A significant new poll has revealed deep public concern over the financial burden of higher education in Britain, with nearly half of the population supporting government intervention to alleviate graduate debt.

Widespread Support for Debt Forgiveness

According to the comprehensive YouGov survey, 44 per cent of Britons believe the government should write off some or all outstanding student debt. This sentiment is particularly strong among graduates themselves, with 55 per cent of those who have completed university studies endorsing debt forgiveness measures. Among supporters of this policy, more than a third – 36 per cent – advocate for the complete cancellation of all student debt.

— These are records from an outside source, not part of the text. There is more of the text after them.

lemma subset_gen_division_subring: "S \<subseteq> gen_division_subring S"
  unfolding gen_division_subring_def by blast

lemma gen_division_subring_mono: "S \<subseteq> T \<Longrightarrow> gen_division_subring S \<subseteq> gen_division_subring T"
  unfolding gen_division_subring_def by blast

lemma center_of_subset: "center_of K \<subseteq> K"
  by (auto simp: center_of_def)

lemma center_of_commute: "z \<in> center_of K \<Longrightarrow> x \<in> K \<Longrightarrow> z * x = x * z"
  by (auto simp: center_of_def)

lemma center_ofI: "z \<in> K \<Longrightarrow> (\<And>x. x \<in> K \<Longrightarrow> z * x = x * z) \<Longrightarrow> z \<in> center_of K"
  by (auto simp: center_of_def)

lemma center_of_commute_center: "x \<in> center_of K \<Longrightarrow> y \<in> center_of K \<Longrightarrow> x * y = y * x"
  using center_of_commute center_of_subset by blast

context
  fixes K :: "'a::division_ring set"
  assumes K: "division_subring K"
begin

lemma division_subring_zero: "0 \<in> K"
  using K by (simp add: division_subring_def)

lemma division_subring_add: "x \<in> K \<Longrightarrow> y \<in> K \<Longrightarrow> x + y \<in> K"
  using K by (simp add: division_subring_def)

lemma division_subring_mult: "x \<in> K \<Longrightarrow> y \<in> K \<Longrightarrow> x * y \<in> K"
  using K by (simp add: division_subring_def)

lemma division_subring_inverse: "x \<in> K \<Longrightarrow> inverse x \<in> K"
  using K unfolding division_subring_def by (metis inverse_zero)

lemma division_subring_sum: "(\<And>i. i \<in> A \<Longrightarrow> f i \<in> K) \<Longrightarrow> sum f A \<in> K"
  by (induction A rule: infinite_finite_induct)
    (auto intro: division_subring_zero division_subring_add)

lemma center_of_zero: "0 \<in> center_of K"
  using K by (auto simp: center_of_def division_subring_def)
theorem lemma9:
  fixes \<upsilon> \<theta> :: real and \<alpha> \<beta> :: "nat \<Rightarrow> real" and I :: "real set"
  assumes "0 < \<upsilon>" "\<upsilon> < 1/2"
    and "\<And>m. m \<ge> 1 \<Longrightarrow> \<alpha> m > 0 \<and> \<beta> m > 0 \<and> \<alpha> m + \<beta> m = real m"
    and "is_interval I" "I \<subseteq> {\<upsilon>..1-\<upsilon>}" "\<theta> \<in> interior I"
    and "(\<lambda>m. \<bar>\<alpha> m / real m - \<theta>\<bar>) \<in> o(\<lambda>m. ln (real m) / sqrt (real m))"
  shows "(INF m\<in>{1..}. measure (trunc_beta_measure \<upsilon> (\<alpha> m) (\<beta> m)) I) > 0"
proof -
  let ?\<mu> = "\<lambda>m. measure (trunc_beta_measure \<upsilon> (\<alpha> m) (\<beta> m)) I"
  have I: "I \<in> sets borel"
    using \<open>is_interval I\<close> by (rule real_interval_borel_measurable)
  obtain e where "e > 0" "cball \<theta> e \<subseteq> I"
    using \<open>\<theta> \<in> interior I\<close> mem_interior_cball by blast
  then have \<theta>_window: "{\<theta> - e..\<theta> + e} \<subseteq> I"
    by (simp add: cball_eq_atLeastAtMost)
  define L where "L = e / 2"
  have "(\<lambda>m. \<alpha> m / real m) \<longlonglongrightarrow> \<theta>"
    using assms(7) by (rule tendsto_of_dist_smallo_ln_div_sqrt)
  then have "eventually (\<lambda>m. dist (\<alpha> m / real m) \<theta> < L \<and> m \<ge> 1) sequentially"
    using \<open>e > 0\<close> by (intro eventually_conj tendstoD eventually_ge_at_top) (auto simp: L_def)
  then have "eventually (\<lambda>m. 4 * \<upsilon> * (1 - \<upsilon>) / (1 + (1 - 2 * \<upsilon>) / L) \<le> ?\<mu> m) sequentially"
  proof eventually_elim
    case (elim m)
    define p where "p = \<alpha> m / real m"
    have m: "\<alpha> m > 0" "\<beta> m > 0" "\<alpha> m / (\<alpha> m + \<beta> m) = p"
      using elim assms(3) by (auto simp: p_def)
    have "{p - L..p + L} \<subseteq> {\<theta> - e..\<theta> + e}"
      using elim by (auto simp: L_def dist_real_def abs_real_def p_def[symmetric] split: if_splits)
    then show ?case
      using m assms I \<theta>_window \<open>e > 0\<close>
      by (intro measure_trunc_beta_measure_ge_window) (auto simp: L_def)
  qed
  moreover have "0 < ?\<mu> m" if "m \<ge> 1" for m
    using assms(3)[OF that] assms I \<theta>_window \<open>e > 0\<close>
    by (intro measure_trunc_beta_measure_pos[of _ _ _ _ "\<theta> - e" "\<theta> + e"]) auto
  moreover have "0 < 4 * \<upsilon> * (1 - \<upsilon>) / (1 + (1 - 2 * \<upsilon>) / L)"
    using assms(1,2) \<open>e > 0\<close> by (auto simp: L_def intro!: divide_pos_pos add_pos_nonneg)
  ultimately show ?thesis
    by (intro INF_atLeast_pos) auto
qed

end
lemma deg_lt_proj: "deg_lt k (proj k F)"
  and orth_proj: "orth k (F - proj k F)"
proof -
  have "\<exists>!P. deg_lt k P \<and> orth k (F - P)"
    using proj_exists proj_unique by blast
  then have "deg_lt k (proj k F) \<and> orth k (F - proj k F)"
    unfolding proj_def by (rule theI')
  then show "deg_lt k (proj k F)" "orth k (F - proj k F)"
    by auto
qed

lemma proj_eqI: "deg_lt k P \<Longrightarrow> orth k (F - P) \<Longrightarrow> proj k F = P"
  using proj_unique deg_lt_proj orth_proj by blast

lemma proj_sum_smult: "proj k (\<Sum>j\<in>J. smult (c j) (F j)) = (\<Sum>j\<in>J. smult (c j) (proj k (F j)))"
proof (rule proj_eqI)
  show "deg_lt k (\<Sum>j\<in>J. smult (c j) (proj k (F j)))"
    by (intro deg_lt_sum deg_lt_smult deg_lt_proj)
  have "orth k (\<Sum>j\<in>J. smult (c j) (F j - proj k (F j)))"
    by (intro orth_sum orth_smult orth_proj)
  then show "orth k ((\<Sum>j\<in>J. smult (c j) (F j)) - (\<Sum>j\<in>J. smult (c j) (proj k (F j))))"
    by (simp add: smult_diff_right sum_subtractf)
qed

lemma proj_best_approximation:
  assumes "deg_lt k H"
  shows "pint ((F - proj k F) * (F - proj k F)) \<le> pint ((F - H) * (F - H))"
proof -
  define R where "R = F - proj k F"
  define E where "E = proj k F - H"
  have "(F - H) * (F - H) = R * R + (R * E + R * E) + E * E"
    by (simp add: R_def E_def algebra_simps)
  then have "pint ((F - H) * (F - H)) = pint (R * R) + (pint (R * E) + pint (R * E)) + pint (E * E)"
    by (simp only: pint_add)
  moreover have "pint (R * E) = 0"
    unfolding R_def E_def using orth_proj deg_lt_proj assms by (intro orth_deg_lt deg_lt_diff)
  ultimately show ?thesis
    using pint_square_nonneg[of E] by (simp add: R_def)
qed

Tuition Fees Deemed Excessive

The research indicates overwhelming public dissatisfaction with current tuition fee levels in England and Wales. A substantial 68 per cent of respondents consider the standard £9,000 annual fee to be excessively high. Furthermore, 63 per cent believe that the current repayment mechanism – which deducts 9 per cent of graduates' income above a specific threshold – represents an unreasonable financial burden on those who have completed their studies.

Interest Rate Concerns

Most Britons also express significant concerns about the interest rates applied to student loans. The survey found that 76 per cent of people view the current 6 per cent interest rate as too high, while 53 per cent believe interest rates should be standardised across all student finance plans to ensure fairness and transparency.

Graduate Experiences Highlight Systemic Issues

The human impact of the current system is illustrated by the experience of Arthur Joustra, a 27-year-old who graduated in 2022 with approximately £65,000 in student debt. By April 2024, his debt had increased to £70,177.83 despite regular repayments. In the year leading to April 2025, he paid over £3,000 towards his loan, yet finished the period with an even higher debt of £72,320.58 due to accumulating interest charges.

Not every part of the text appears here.